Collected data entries
☆ ☆ ☆ ☆
lemma smooth_family_divide:
  assumes "smooth_family S f" "smooth_family S g" "\<And>p x. x \<in> S \<Longrightarrow> g p x \<noteq> 0"
  shows "smooth_family S (\<lambda>p x. f p x / g p x)"
  using smooth_family_divide_power[OF assms, of 1] by simp

lemma deriv_funpow_cong:
  assumes "open S" "\<And>x. x \<in> S \<Longrightarrow> f x = g x" "x \<in> S"
  shows "(deriv ^^ k) f x = (deriv ^^ k) g x"
  using assms(3)
proof (induction k arbitrary: x)
  case 0
  then show ?case using assms(2) by simp
next
  case (Suc k)
  have "eventually (\<lambda>y. y \<in> S) (nhds x)"
    using assms(1) Suc.prems by (rule eventually_nhds_in_open)
  then have "eventually (\<lambda>y. (deriv ^^ k) f y = (deriv ^^ k) g y) (nhds x)"
    by (rule eventually_mono) (rule Suc.IH)
  then show ?case by (simp add: deriv_cong_ev)
qed

lemma deriv_funpow_zero: "(deriv ^^ k) (\<lambda>_. 0) = (\<lambda>_::real. 0::real)"
  by (induction k) simp_all

lemma smooth_family_funpow_family_deriv:
  "smooth_family S g \<Longrightarrow> smooth_family S ((family_deriv S ^^ k) g)"
  by (induction k) (auto intro: smooth_family_family_deriv)

lemma deriv_funpow_eq_family_deriv:
  assumes "smooth_family S g" "open S" "x \<in> S"
  shows "(deriv ^^ k) (g p) x = (family_deriv S ^^ k) g p x"
  using assms(3)
proof (induction k arbitrary: x)
  case 0
  then show ?case by simp
next
  case (Suc k)
  have "deriv ((deriv ^^ k) (g p)) x = deriv ((family_deriv S ^^ k) g p) x"
    using assms(2) Suc by (intro deriv_cong_ev eventually_nhds_in_open[THEN eventually_mono]) auto
  also have "\<dots> = family_deriv S ((family_deriv S ^^ k) g) p x"
    using smooth_family_funpow_family_deriv[OF assms(1)] Suc.prems
    by (intro DERIV_imp_deriv has_real_derivative_family_deriv)
  finally show ?case by simp
qed

lemma smooth_on_smooth_family:
  assumes "smooth_family S g" "open S" "\<And>x. x \<in> S \<Longrightarrow> f x = g p x"
  shows "smooth_on S f"
  unfolding smooth_on_def
proof (intro allI ballI)
  fix k x assume x: "x \<in> S"
  let ?gk = "(family_deriv S ^^ k) g"
  have "(?gk p has_real_derivative family_deriv S ?gk p x) (at x)"
    using smooth_family_funpow_family_deriv[OF assms(1)] x
    by (rule has_real_derivative_family_deriv)
  moreover have "?gk p y = (deriv ^^ k) f y" if "y \<in> S" for y
    using deriv_funpow_cong[OF assms(2) assms(3) that]
      deriv_funpow_eq_family_deriv[OF assms(1,2) that] by simp
  ultimately have "((deriv ^^ k) f has_real_derivative family_deriv S ?gk p x) (at x)"
    using has_field_derivative_transform_within_open assms(2) x by blast
  then show "(deriv ^^ k) f field_differentiable at x"
    unfolding field_differentiable_def by blast
qed

section \<open>Convergence in the seminorms\<close>

lemma tendsto_Sup_abs_compact:
  fixes G :: "'a::topological_space \<Rightarrow> real \<Rightarrow> real"
  assumes "continuous_on (UNIV \<times> K) (\<lambda>z. G (fst z) (snd z))" "compact K" "K \<noteq> {}"
    and "\<And>x. x \<in> K \<Longrightarrow> G p0 x = 0"
  shows "((\<lambda>p. Sup ((\<lambda>x. \<bar>G p x\<bar>) ` K)) \<longlongrightarrow> 0) (nhds p0)"
proof (rule tendstoI)
  fix e :: real assume "e > 0"
  then have "0 < e / 2" by simp
  then obtain U where "p0 \<in> U" "open U"
    and "\<forall>p\<in>U. \<forall>x\<in>K. dist (G p x) (G p0 x) \<le> e / 2"
    by (rule continuous_on_prod_compactE[OF assms(1,2) UNIV_I]) simp
  then have U: "\<forall>p\<in>U. \<forall>x\<in>K. \<bar>G p x\<bar> \<le> e / 2"
    using assms(4) by (simp add: dist_real_def)
  have "dist (Sup ((\<lambda>x. \<bar>G p x\<bar>) ` K)) 0 < e" if "p \<in> U" for p
  proof -
    from assms(3) obtain x0 where "x0 \<in> K" by blast
    have bdd: "bdd_above ((\<lambda>x. \<bar>G p x\<bar>) ` K)"
      using U that by (intro bdd_aboveI[of _ "e / 2"]) auto
    have "0 \<le> \<bar>G p x0\<bar>" by simp
    also have "\<dots> \<le> Sup ((\<lambda>x. \<bar>G p x\<bar>) ` K)"
      using \<open>x0 \<in> K\<close> bdd by (rule cSUP_upper)
    finally have "0 \<le> Sup ((\<lambda>x. \<bar>G p x\<bar>) ` K)" .
    moreover have "Sup ((\<lambda>x. \<bar>G p x\<bar>) ` K) \<le> e / 2"
      using U that assms(3) by (intro cSUP_least) auto
    ultimately show ?thesis using \<open>e > 0\<close> by (simp add: dist_real_def)
  qed
  then show "eventually (\<lambda>p. dist (Sup ((\<lambda>x. \<bar>G p x\<bar>) ` K)) 0 < e) (nhds p0)"
    using \<open>p0 \<in> U\<close> \<open>open U\<close> eventually_nhds by blast
qed

lemma seminorm_interval_subset: "{1 / (real n + 1) .. real n / (real n + 1)} \<subseteq> {0<..<1}"
proof
  fix x assume "x \<in> {1 / (real n + 1) .. real n / (real n + 1)}"
  moreover have "0 < 1 / (real n + 1)" "real n / (real n + 1) < 1" by simp_all
  ultimately show "x \<in> {0<..<1}"
    by (simp only: atLeastAtMost_iff greaterThanLessThan_iff) linarith
qed

lemma seminorm_interval_nonempty:
  "n \<ge> 1 \<Longrightarrow> {1 / (real n + 1) .. real n / (real n + 1)} \<noteq> {}"
  by (auto simp: divide_right_mono)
☆ ☆ ☆ ☆
■ **Task statement**
Looking at the entries above, determine how many lines contain the word "shows" and state only that number.

■ **Task response**
5